**** AVAILABLE RECORDS
text \<open>The bound makes the last path have at least four vertices: in a path of three vertices
  the two ends have the same neighbours.\<close>
lemma neighbours_separate_chain_0_1_3_7:
  assumes "11 \<le> n"
  shows "neighbours_separate (chain_adj {0, 1, 3, 7}) n"
proof -
  let ?A = "chain_adj {0, 1, 3, 7}"
  have sep: "\<exists>w<n. ?A w i \<noteq> ?A w j" if "i < j" "j < n" "\<not> ?A i j" for i j
  proof (cases "i \<in> {0, 1, 3, 7}")
    case False
    then show ?thesis using that by (intro exI[of _ "i - 1"]) (auto simp: chain_adj_def)
  next
    case i: True
    show ?thesis
    proof (cases "j + 1 < n \<and> j + 1 \<notin> {1, 3, 7}")
      case True
      then show ?thesis using that by (intro exI[of _ "j + 1"]) (auto simp: chain_adj_def)
    next
      case False
      then have "j + 1 = n \<or> j \<in> {0, 2, 6}" using that(2) by auto
      then have "j \<notin> {0, 1, 3, 7}" "i + 2 = j \<longrightarrow> j = 2"
        using that(1) i assms by auto
      then show ?thesis using that(1,2) by (intro exI[of _ "j - 1"]) (auto simp: chain_adj_def)
    qed
  qed
  show ?thesis
    unfolding neighbours_separate_def
  proof (intro allI impI)
    fix i j assume "i < n" "j < n" "i \<noteq> j \<and> \<not> ?A i j"
    then consider "i < j" "\<not> ?A i j" | "j < i" "\<not> ?A j i"
      by (cases "i < j") (auto simp: chain_adj_commute)
    then show "\<exists>w<n. ?A w i \<noteq> ?A w j"
      using sep \<open>i < n\<close> \<open>j < n\<close> by cases metis+
  qed
qed

lemma realizes_chain_0_1_3_7_dim_ge:
  assumes v: "realizes_diagram N (chain_adj {0, 1, 3, 7}) n v" and "11 \<le> n"
  shows "n + 4 \<le> N"
proof -
  have "supp N (v i) \<inter> supp N (v j) = {}"
    if "i < n" "j < n" "i \<noteq> j" "\<not> chain_adj {0, 1, 3, 7} i j" for i j
    using that neighbours_separate_chain_0_1_3_7[OF assms(2)] chain_adj_irrefl
    by (intro realizes_diagram_supp_disjoint[OF v])
  then have "n + card ({0, 1, 3, 7} \<inter> {..<n}) \<le> card (\<Union>i<n. supp N (v i))"
    by (intro card_supp_chain_roots[OF v])
  also have "\<dots> \<le> card {..<N}"
    using supp_subset by (intro card_mono) auto
  finally have "n + card ({0, 1, 3, 7} \<inter> {..<n}) \<le> N" by simp
  moreover have "{0, 1, 3, 7} \<inter> {..<n} = {0, 1, 3, 7}" using assms(2) by auto
  ultimately show ?thesis by simp
qed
********
# [ASSIGNMENT]
Every entry must be set down again exactly as it reads.

# [EXERCISE RESULT]
text \<open>The bound makes the last path have at least four vertices: in a path of three vertices
  the two ends have the same neighbours.\<close>
lemma neighbours_separate_chain_0_1_3_7:
  assumes "11 \<le> n"
  shows "neighbours_separate (chain_adj {0, 1, 3, 7}) n"
proof -
  let ?A = "chain_adj {0, 1, 3, 7}"
  have sep: "\<exists>w<n. ?A w i \<noteq> ?A w j" if "i < j" "j < n" "\<not> ?A i j" for i j
  proof (cases "i \<in> {0, 1, 3, 7}")
    case False
    then show ?thesis using that by (intro exI[of _ "i - 1"]) (auto simp: chain_adj_def)
  next
    case i: True
    show ?thesis
    proof (cases "j + 1 < n \<and> j + 1 \<notin> {1, 3, 7}")
      case True
      then show ?thesis using that by (intro exI[of _ "j + 1"]) (auto simp: chain_adj_def)
    next
      case False
      then have "j + 1 = n \<or> j \<in> {0, 2, 6}" using that(2) by auto
      then have "j \<notin> {0, 1, 3, 7}" "i + 2 = j \<longrightarrow> j = 2"
        using that(1) i assms by auto
      then show ?thesis using that(1,2) by (intro exI[of _ "j - 1"]) (auto simp: chain_adj_def)
    qed
  qed
  show ?thesis
    unfolding neighbours_separate_def
  proof (intro allI impI)
    fix i j assume "i < n" "j < n" "i \<noteq> j \<and> \<not> ?A i j"
    then consider "i < j" "\<not> ?A i j" | "j < i" "\<not> ?A j i"
      by (cases "i < j") (auto simp: chain_adj_commute)
    then show "\<exists>w<n. ?A w i \<noteq> ?A w j"
      using sep \<open>i < n\<close> \<open>j < n\<close> by cases metis+
  qed
qed

lemma realizes_chain_0_1_3_7_dim_ge:
  assumes v: "realizes_diagram N (chain_adj {0, 1, 3, 7}) n v" and "11 \<le> n"
  shows "n + 4 \<le> N"
proof -
  have "supp N (v i) \<inter> supp N (v j) = {}"
    if "i < n" "j < n" "i \<noteq> j" "\<not> chain_adj {0, 1, 3, 7} i j" for i j
    using that neighbours_separate_chain_0_1_3_7[OF assms(2)] chain_adj_irrefl
    by (intro realizes_diagram_supp_disjoint[OF v])
  then have "n + card ({0, 1, 3, 7} \<inter> {..<n}) \<le> card (\<Union>i<n. supp N (v i))"
    by (intro card_supp_chain_roots[OF v])
  also have "\<dots> \<le> card {..<N}"
    using supp_subset by (intro card_mono) auto
  finally have "n + card ({0, 1, 3, 7} \<inter> {..<n}) \<le> N" by simp
  moreover have "{0, 1, 3, 7} \<inter> {..<n} = {0, 1, 3, 7}" using assms(2) by auto
  ultimately show ?thesis by simp
qed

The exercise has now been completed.